KR20090016089A - Method for forming emitter layer of silicon solar cell - Google Patents

Abstract

A method for forming an emitter layer of a silicon solar cell is provided to improve efficiency of the solar cell by removing a dead layer selectively after forming the emitter layer by an impurity diffusion process. A silicon semiconductor substrate(201) doped with p-type impurity is prepared. An n-type impurity oxide film(202) is formed in a substrate surface. The n-type impurity included in the n-type impurity oxide film is diffused to the inside through the substrate surface. An emitter layer(203) composed of the n-type silicon semiconductor layer is formed on an upper part of the substrate with a predetermined thickness. A dead layer doped with the n-type impurity is selectively removed by using etchant. The etchant is made by mixing the nitric acid, the hydrofluoric acid, the acetic acid and the water in a volume ratio of 10:0.1 to 0.01:1-3:5-10.

Description

Method for forming emitter layer of silicon solar cell

  The present invention relates to a solar cell manufacturing method, and more particularly, to a method of forming an emitter layer of a silicon solar cell so as to improve the efficiency of the solar cell.

Recently, as the prediction of depletion of existing energy sources such as oil and coal is increasing, interest in alternative energy to replace them is increasing. Among them, solar cells are particularly attracting attention because they are rich in energy resources and have no problems with environmental pollution.

Solar cells are classified into solar cells that generate steam required to rotate turbines using solar heat, and solar cells that convert photons into electrical energy using the properties of semiconductors. It refers to a solar cell (hereinafter referred to as a solar cell).

Solar cells are largely classified into silicon solar cells, compound semiconductor solar cells, and tandem solar cells according to raw materials. Of these three types of solar cells, silicon solar cells are the mainstream in the solar cell market.

1 is a cross-sectional view showing the basic structure of a silicon solar cell. Referring to the drawings, a silicon solar cell includes a substrate 101 made of a p-type silicon semiconductor and an emitter layer 102 made of an n-type silicon semiconductor, and a diode is provided at an interface between the substrate 101 and the emitter layer 102. Similarly, pn junctions are formed.

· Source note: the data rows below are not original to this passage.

lemma (in prob_space) AE_hppp_summable_inverse_path_loss:
  fixes Phi :: "'a \<Rightarrow> 'b::euclidean_space set"
  assumes H: "hppp M lam Phi" and lam: "0 < lam" and e: "real DIM('b) < e"
    and h: "\<And>r. \<rho> \<le> r \<Longrightarrow> r powr e \<le> h r" and \<rho>: "0 < \<rho>"
  shows "AE \<omega> in M. summable (\<lambda>i. 1 / h (ord_dist (Phi \<omega>) (i + 2)))"
proof -
  define l where "l = (real DIM('b) + e) / 2"
  have l: "real DIM('b) < l" "0 < l" "l < e"
    using e by (auto simp: l_def)
  have "AE \<omega> in M. \<exists>n0. \<forall>n\<ge>n0. real (ball_count (Phi \<omega>) (2 ^ n)) \<le> 2 powr (real n * l)"
    by (rule AE_hppp_dyadic_growth[OF H lam l(1)])
  moreover have "AE \<omega> in M. infinite (Phi \<omega>)"
    by (rule AE_hppp_infinite[OF H lam])
  ultimately show ?thesis
  proof (elim AE_mp, intro AE_I2 impI)
    fix \<omega> assume "\<omega> \<in> space M" "infinite (Phi \<omega>)"
      and "\<exists>n0. \<forall>n\<ge>n0. real (ball_count (Phi \<omega>) (2 ^ n)) \<le> 2 powr (real n * l)"
    then show "summable (\<lambda>i. 1 / h (ord_dist (Phi \<omega>) (i + 2)))"
      using summable_inverse_path_loss_ord_dist[OF hppp_finite_in_balls[OF H] _ l(2,3) _ h \<rho>]
      by blast
  qed
qed

lemma (in prob_space) st_le_CI_h_two:
  fixes Phi :: "'a \<Rightarrow> 'b::euclidean_space set"
  assumes H: "hppp M lam Phi" and lam: "0 < lam" and e: "real DIM('b) < e2" "e2 \<le> e3"
  shows "st_le M (\<lambda>\<omega>. CI (h_two e1 e2) (Phi \<omega>)) (\<lambda>\<omega>. CI (h_two e1 e3) (Phi \<omega>))"
proof (rule st_le_if_AE_le)
  show "(\<lambda>\<omega>. CI (h_two e1 e3) (Phi \<omega>)) \<in> borel_measurable M"
    using hppp_finite_in_balls[OF H] hppp_measurable_ball_count[OF H] h_two_measurable
    by (rule measurable_CI)
  have summable: "AE \<omega> in M. summable (\<lambda>i. 1 / h_two e1 e (ord_dist (Phi \<omega>) (i + 2)))"
    if "real DIM('b) < e" for e
    by (rule AE_hppp_summable_inverse_path_loss[where \<rho> = 1, OF H lam that]) (auto simp: h_two_def)
  have "real DIM('b) < e3" using e by linarith
  show "AE \<omega> in M. CI (h_two e1 e2) (Phi \<omega>) \<le> CI (h_two e1 e3) (Phi \<omega>)"
    using AE_hppp_infinite[OF H lam] summable[OF e(1)] summable[OF \<open>real DIM('b) < e3\<close>]
  proof (elim AE_mp, intro AE_I2 impI)
    fix \<omega> assume "\<omega> \<in> space M" "infinite (Phi \<omega>)"
      and "summable (\<lambda>i. 1 / h_two e1 e2 (ord_dist (Phi \<omega>) (i + 2)))"
      and "summable (\<lambda>i. 1 / h_two e1 e3 (ord_dist (Phi \<omega>) (i + 2)))"
    then show "CI (h_two e1 e2) (Phi \<omega>) \<le> CI (h_two e1 e3) (Phi \<omega>)"
      using hppp_finite_in_balls[OF H] h_two_ratio_mono[OF e(2)]
      by (intro CI_le_CI_if_ratio_mono) (auto simp: h_two_def)
  qed
qed

theorem corollary6:
  fixes M :: "'b measure" and Phi :: "'b \<Rightarrow> 'a::euclidean_space set"
    and lam0 e1 e2 :: real
  assumes "prob_space M"
    and "DIM('a) \<in> {1, 2, 3}"
    and "lam0 > 0"
    and "hppp M lam0 Phi"
  shows "(e2 > e1 \<and> e1 > real DIM('a) \<longrightarrow>
            st_le M (\<lambda>\<omega>. CI (h_one e1) (Phi \<omega>)) (\<lambda>\<omega>. CI (h_two e1 e2) (Phi \<omega>))) \<and>
         (e1 > e2 \<and> e2 > real DIM('a) \<longrightarrow>
            st_le M (\<lambda>\<omega>. CI (h_two e1 e2) (Phi \<omega>)) (\<lambda>\<omega>. CI (h_one e1) (Phi \<omega>)))"
  using prob_space.st_le_CI_h_two[OF assms(1,4,3)]
  by (simp add: h_one_eq_h_two)

end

When sunlight is incident on a solar cell having the above structure, electrons and holes are generated in a silicon semiconductor doped with impurities by a photovoltaic effect. For reference, electrons are generated as carriers in the emitter layer 102 made of n-type silicon semiconductor, and holes are generated as carriers in the substrate 101 made of p-type silicon semiconductor. Electrons and electrons generated by the photovoltaic effect are attracted to the n-type silicon semiconductor and the p-type silicon semiconductor, respectively, and move to the electrodes 103 and 104 bonded below the substrate 101 and the emitter layer 102, respectively. When the electrodes 103 and 104 are connected by wires, current flows.

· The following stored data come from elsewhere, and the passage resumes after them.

(* Let $\Omega$ be a finite set, $V_\Omega=\mathbb{R}^\Omega$, and $V_\Upsilon,V_\Gamma\le V_\Omega$. Let $\mathcal{P}$, $\mathcal{Q}$, $\mathcal{R}$ be orthogonal decompositions of $V_\Omega$, $V_\Upsilon$, $V_\Gamma$, respectively, such that $\mathcal{Q}$ and $\mathcal{R}$ are both structure balanced in relation to $\mathcal{P}$. If $\mathbf{PQPRP}$ is symmetric for all $\mathbf{P}\in\mathcal{P}$, $\mathbf{Q}\in\mathcal{Q}$ and $\mathbf{R}\in\mathcal{R}$, then the decomposition $\mathcal{P}\vartriangleright\mathcal{Q}$ is compatible with the decomposition $\mathcal{P}\vartriangleright\mathcal{R}$, i.e. $\mathbf{BC}=\mathbf{CB}$ for all $\mathbf{B}\in\mathcal{P}\vartriangleright\mathcal{Q}$ and all $\mathbf{C}\in\mathcal{P}\vartriangleright\mathcal{R}$.
   Context: $V_\Omega$ carries the standard inner product; all matrices are $\Omega\times\Omega$. An orthogonal decomposition of a subspace $W\le V_\Omega$ is a finite set of nonzero symmetric idempotent matrices that are mutually orthogonal and whose sum is the orthogonal projector onto $W$; zero matrices are discarded from listed decompositions. For projectors $\mathbf{A},\mathbf{B}$: $\mathbf{B}$ has first-order balance in relation to $\mathbf{A}$ if $\mathbf{BAB}=\lambda_{\mathbf{AB}}\mathbf{B}$ for a scalar $\lambda_{\mathbf{AB}}$; if $\lambda_{\mathbf{AB}}\ne0$, $\mathbf{A}\vartriangleright\mathbf{B}=\lambda_{\mathbf{AB}}^{-1}\mathbf{ABA}$. $\mathcal{B}$ is structure balanced in relation to $\mathcal{A}$ if every $\mathbf{B}\in\mathcal{B}$ has first-order balance in relation to every $\mathbf{A}\in\mathcal{A}$, and $\mathbf{B}_1\mathbf{A}\mathbf{B}_2=\mathbf{0}$ for all $\mathbf{A}\in\mathcal{A}$ and distinct $\mathbf{B}_1,\mathbf{B}_2\in\mathcal{B}$. Then $\mathbf{A}\vdash\mathcal{B}=\mathbf{A}-\sum'_{\mathbf{B}}\mathbf{A}\vartriangleright\mathbf{B}$ (sum over $\mathbf{B}$ with $\lambda_{\mathbf{AB}}\ne0$) and $\mathcal{A}\vartriangleright\mathcal{B}=\{\mathbf{A}\vartriangleright\mathbf{B}:\mathbf{A}\in\mathcal{A},\mathbf{B}\in\mathcal{B},\lambda_{\mathbf{AB}}\neq0\}\cup\{\mathbf{A}\vdash\mathcal{B}:\mathbf{A}\in\mathcal{A}\}$ (zeros discarded). *)

theory Defs
  imports "HOL-Analysis.Analysis"
begin

text \<open>Omega is the finite index type 'n; V_Omega = real^'n; matrices are real^'n^'n.\<close>

definition is_projector :: "real^'n^'n \<Rightarrow> bool" where
  "is_projector A \<longleftrightarrow> transpose A = A \<and> A ** A = A"

definition orth_projector_onto :: "real^'n^'n \<Rightarrow> (real^'n) set \<Rightarrow> bool" where
  "orth_projector_onto P W \<longleftrightarrow> is_projector P \<and> range (\<lambda>x. P *v x) = W"

definition orth_decomp :: "(real^'n^'n) set \<Rightarrow> (real^'n) set \<Rightarrow> bool" where
  "orth_decomp D W \<longleftrightarrow> subspace W \<and> finite D \<and>
     (\<forall>A\<in>D. A \<noteq> 0 \<and> is_projector A) \<and>
     (\<forall>A\<in>D. \<forall>B\<in>D. A \<noteq> B \<longrightarrow> A ** B = 0) \<and>
     orth_projector_onto (\<Sum>D) W"

definition fo_balance :: "real^'n^'n \<Rightarrow> real^'n^'n \<Rightarrow> bool" where
  "fo_balance B A \<longleftrightarrow> (\<exists>l. B ** A ** B = l *\<^sub>R B)"

text \<open>The scalar lambda_AB (well-defined when B is nonzero and balanced w.r.t. A).\<close>
definition lam :: "real^'n^'n \<Rightarrow> real^'n^'n \<Rightarrow> real" where
  "lam A B = (SOME l. B ** A ** B = l *\<^sub>R B)"

definition tri :: "real^'n^'n \<Rightarrow> real^'n^'n \<Rightarrow> real^'n^'n" where
  "tri A B = inverse (lam A B) *\<^sub>R (A ** B ** A)"

definition struct_balanced :: "(real^'n^'n) set \<Rightarrow> (real^'n^'n) set \<Rightarrow> bool" where
  "struct_balanced BB AA \<longleftrightarrow>
     (\<forall>B\<in>BB. \<forall>A\<in>AA. fo_balance B A) \<and>
     (\<forall>A\<in>AA. \<forall>B1\<in>BB. \<forall>B2\<in>BB. B1 \<noteq> B2 \<longrightarrow> B1 ** A ** B2 = 0)"

definition vdash :: "real^'n^'n \<Rightarrow> (real^'n^'n) set \<Rightarrow> real^'n^'n" where
  "vdash A BB = A - (\<Sum>B\<in>{B\<in>BB. lam A B \<noteq> 0}. tri A B)"

definition tri_set :: "(real^'n^'n) set \<Rightarrow> (real^'n^'n) set \<Rightarrow> (real^'n^'n) set" where
  "tri_set AA BB =
     ({tri A B | A B. A \<in> AA \<and> B \<in> BB \<and> lam A B \<noteq> 0} \<union> {vdash A BB | A. A \<in> AA}) - {0}"

end

theory Submission
  imports Defs
begin

text \<open>Every member of \<open>\<P> \<vartriangleright> \<Q>\<close> arises from a single \<open>P \<in> \<P>\<close> as a linear
  combination of \<open>P\<close> and the compressions \<open>PQP\<close>; hence it is supported on the range of \<open>P\<close>
  and commutes with every matrix commuting with \<open>P\<close> and all \<open>PQP\<close>. Members coming from
  different, mutually orthogonal \<open>P\<close>'s therefore multiply to zero both ways. For a common \<open>P\<close>,
  \<open>(PQP)(PRP) = PQPRP\<close> has transpose \<open>PRPQP = (PRP)(PQP)\<close>, so its symmetry says that the
  generators of the two families commute, and then so do their linear combinations.\<close>

lemma matrix_add_rdistrib: "((A::real^'n::finite^'m) + B) ** C = A ** C + B ** C"
  by (vector matrix_matrix_mult_def sum.distrib[symmetric] field_simps)

lemma matrix_diff_ldistrib: "(A::real^'n::finite^'m) ** (B - C) = A ** B - A ** C"
  by (vector matrix_matrix_mult_def sum_subtractf[symmetric] field_simps)

lemma matrix_diff_rdistrib: "((A::real^'n::finite^'m) - B) ** C = A ** C - B ** C"
  by (vector matrix_matrix_mult_def sum_subtractf[symmetric] field_simps)

lemma matrix_sum_ldistrib: "(A::real^'n::finite^'m) ** sum f S = (\<Sum>x\<in>S. A ** f x)"
proof (cases "finite S")
  case True
  then show ?thesis by (induction S rule: finite_induct) (auto simp: matrix_add_ldistrib)
qed simp

lemma matrix_sum_rdistrib: "sum f S ** (C::real^'n::finite^'m) = (\<Sum>x\<in>S. f x ** C)"
proof (cases "finite S")
  case True
  then show ?thesis by (induction S rule: finite_induct) (auto simp: matrix_add_rdistrib)
qed simp

lemma matrix_commute_sum:
  assumes "\<forall>x\<in>S. Y ** f x = f x ** (Y::real^'n::finite^'n)"
  shows "Y ** sum f S = sum f S ** Y"
  using assms by (simp add: matrix_sum_ldistrib matrix_sum_rdistrib)

definition tri_pieces :: "real^'n^'n \<Rightarrow> (real^'n^'n) set \<Rightarrow> (real^'n^'n) set" where
  "tri_pieces P QQ = insert (vdash P QQ) {tri P Q | Q. Q \<in> QQ \<and> lam P Q \<noteq> 0}"

lemma tri_set_subset_tri_pieces: "tri_set PP QQ \<subseteq> (\<Union>P\<in>PP. tri_pieces P QQ)"
  by (auto simp: tri_set_def tri_pieces_def)

lemma tri_commute:
  assumes "Y ** (P ** Q ** P) = (P ** Q ** P) ** (Y::real^'n::finite^'n)"
  shows "Y ** tri P Q = tri P Q ** Y"
  using assms by (simp add: tri_def matrix_scalar_ac scalar_matrix_assoc[symmetric])

lemma vdash_commute:
  assumes "Y ** P = P ** Y" "\<forall>Q\<in>QQ. Y ** (P ** Q ** P) = (P ** Q ** P) ** (Y::real^'n::finite^'n)"
  shows "Y ** vdash P QQ = vdash P QQ ** Y"
proof -
  have "Y ** (\<Sum>Q\<in>{Q\<in>QQ. lam P Q \<noteq> 0}. tri P Q) = (\<Sum>Q\<in>{Q\<in>QQ. lam P Q \<noteq> 0}. tri P Q) ** Y"
    using assms(2) by (intro matrix_commute_sum) (auto intro: tri_commute)
  with assms(1) show ?thesis by (simp add: vdash_def matrix_diff_ldistrib matrix_diff_rdistrib)
qed

lemma tri_pieces_commute:
  assumes "Y ** P = P ** Y" "\<forall>Q\<in>QQ. Y ** (P ** Q ** P) = (P ** Q ** P) ** (Y::real^'n::finite^'n)"
    and "B \<in> tri_pieces P QQ"
  shows "Y ** B = B ** Y"
  using assms by (auto simp: tri_pieces_def intro: tri_commute vdash_commute)

lemma tri_absorb:
  assumes "P ** P = (P::real^'n::finite^'n)"
  shows "P ** tri P Q = tri P Q" "tri P Q ** P = tri P Q"
proof -
  have "P ** (P ** Q ** P) = P ** Q ** P" "(P ** Q ** P) ** P = P ** Q ** P"
    using assms by (metis matrix_mul_assoc)+
  then show "P ** tri P Q = tri P Q" "tri P Q ** P = tri P Q"
    by (simp_all add: tri_def matrix_scalar_ac scalar_matrix_assoc[symmetric])
qed

lemma vdash_absorb:
  assumes "P ** P = (P::real^'n::finite^'n)"
  shows "P ** vdash P QQ = vdash P QQ" "vdash P QQ ** P = vdash P QQ"
  using assms tri_absorb[OF assms]
  by (simp_all add: vdash_def matrix_diff_ldistrib matrix_diff_rdistrib
      matrix_sum_ldistrib matrix_sum_rdistrib)

lemma tri_pieces_absorb:
  assumes "P ** P = (P::real^'n::finite^'n)" "B \<in> tri_pieces P QQ"
  shows "P ** B = B" "B ** P = B"
  using assms tri_absorb[OF assms(1)] vdash_absorb[OF assms(1)]
  by (auto simp: tri_pieces_def)

lemma tri_pieces_orthogonal:
  assumes "P ** P = P" "P' ** P' = P'" "P ** P' = (0::real^'n::finite^'n)"
    and "B \<in> tri_pieces P QQ" "C \<in> tri_pieces P' RR"
  shows "B ** C = 0"
proof -
  have "B ** C = B ** (P ** P') ** C"
    using tri_pieces_absorb[OF assms(1,4)] tri_pieces_absorb[OF assms(2,5)]
    by (metis matrix_mul_assoc)
  with assms(3) show ?thesis by simp
qed

lemma compressions_commute:
  fixes P Q R :: "real^'n::finite^'n"
  assumes "transpose P = P" "P ** P = P" "transpose Q = Q" "transpose R = R"
    and "transpose (P ** Q ** P ** R ** P) = P ** Q ** P ** R ** P"
  shows "(P ** Q ** P) ** (P ** R ** P) = (P ** R ** P) ** (P ** Q ** P)"
proof -
  have "(P ** Q ** P) ** (P ** R ** P) = P ** Q ** P ** R ** P"
    by (metis assms(2) matrix_mul_assoc)
  also have "\<dots> = P ** R ** P ** Q ** P"
    using assms(5) by (simp add: matrix_transpose_mul assms(1,3,4) matrix_mul_assoc)
  also have "\<dots> = (P ** R ** P) ** (P ** Q ** P)"
    by (metis assms(2) matrix_mul_assoc)
  finally show ?thesis .
qed

lemma tri_pieces_commute_same:
  fixes P :: "real^'n::finite^'n"
  assumes "P ** P = P"
    and "\<forall>Q\<in>QQ. \<forall>R\<in>RR. (P ** Q ** P) ** (P ** R ** P) = (P ** R ** P) ** (P ** Q ** P)"
    and "B \<in> tri_pieces P QQ" "C \<in> tri_pieces P RR"
  shows "B ** C = C ** B"
proof (rule tri_pieces_commute[OF _ _ assms(4)])
  have P_compression: "P ** (P ** X ** P) = (P ** X ** P) ** P" for X
    by (metis assms(1) matrix_mul_assoc)
  have "P ** B = B ** P"
    by (rule tri_pieces_commute[OF refl _ assms(3)]) (use P_compression in auto)
  then show "B ** P = P ** B" ..
  show "\<forall>R\<in>RR. B ** (P ** R ** P) = (P ** R ** P) ** B"
  proof
    fix R assume "R \<in> RR"
    then have "(P ** R ** P) ** B = B ** (P ** R ** P)"
      using assms(2) P_compression by (intro tri_pieces_commute[OF _ _ assms(3)]) auto
    then show "B ** (P ** R ** P) = (P ** R ** P) ** B" ..
  qed
qed

theorem lemma2:
  fixes PP QQ RR :: "(real^'n::finite^'n) set"
    and VU VG :: "(real^'n) set"
  assumes "orth_decomp PP (UNIV :: (real^'n) set)"
    and "orth_decomp QQ VU"
    and "orth_decomp RR VG"
    and "struct_balanced QQ PP"
    and "struct_balanced RR PP"
    and "\<forall>P\<in>PP. \<forall>Q\<in>QQ. \<forall>R\<in>RR. transpose (P ** Q ** P ** R ** P) = P ** Q ** P ** R ** P"
  shows "\<forall>B\<in>tri_set PP QQ. \<forall>C\<in>tri_set PP RR. B ** C = C ** B"
proof (intro ballI)
  fix B C assume "B \<in> tri_set PP QQ" "C \<in> tri_set PP RR"
  then obtain P P' where P: "P \<in> PP" "B \<in> tri_pieces P QQ" and P': "P' \<in> PP" "C \<in> tri_pieces P' RR"
    using tri_set_subset_tri_pieces by blast
  have proj: "transpose X = X" "X ** X = X" if "X \<in> PP" for X
    using assms(1) that by (auto simp: orth_decomp_def is_projector_def)
  show "B ** C = C ** B"
  proof (cases "P = P'")
    case True
    have "transpose Q = Q" if "Q \<in> QQ" for Q
      using assms(2) that by (auto simp: orth_decomp_def is_projector_def)
    moreover have "transpose R = R" if "R \<in> RR" for R
      using assms(3) that by (auto simp: orth_decomp_def is_projector_def)
    ultimately have "\<forall>Q\<in>QQ. \<forall>R\<in>RR. (P ** Q ** P) ** (P ** R ** P) = (P ** R ** P) ** (P ** Q ** P)"
      using assms(6) P(1) proj by (auto intro!: compressions_commute)
    with P(1) proj show ?thesis
      using tri_pieces_commute_same P(2) P'(2) True by blast
  next
    case False
    then have "P ** P' = 0" "P' ** P = 0"
      using assms(1) P P' by (auto simp: orth_decomp_def)
    then show ?thesis
      using tri_pieces_orthogonal P P' proj by metis
  qed
qed

end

The output characteristics of the solar cell are evaluated by measuring the output current-voltage curve of the solar cell. The maximum output Pm is defined as the point where the product Ip × Vp of the output current Ip and the output voltage Vp becomes maximum on the output current-voltage curve, and the total light energy incident on the solar cell (S × I: S is The element area, I, is defined as the conversion efficiency η divided by the intensity of light irradiated to the solar cell. To increase the conversion efficiency η, increase the short-circuit current Isc (output current when V = 0 on the output current-voltage curve) or open voltage Voc (output voltage when I = 0 on the output current-voltage curve) or output current. Increase the fill factor, which represents the square of the voltage curve. The closer the fidelity value is to 1, the closer the output current-voltage curve is to the ideal square and the higher the conversion efficiency η.

Among the three factors that determine the efficiency of the solar cell, the open-voltage behavior is closely related to the doping concentration of the n-type impurity when the n-type impurity is diffused on the surface of the p-type silicon semiconductor substrate to form the emitter layer. For reference, the doping profile of the n-type impurity has the highest surface of the emitter layer and decreases according to the Gaussian distribution or the error function as it enters the inside of the emitter layer.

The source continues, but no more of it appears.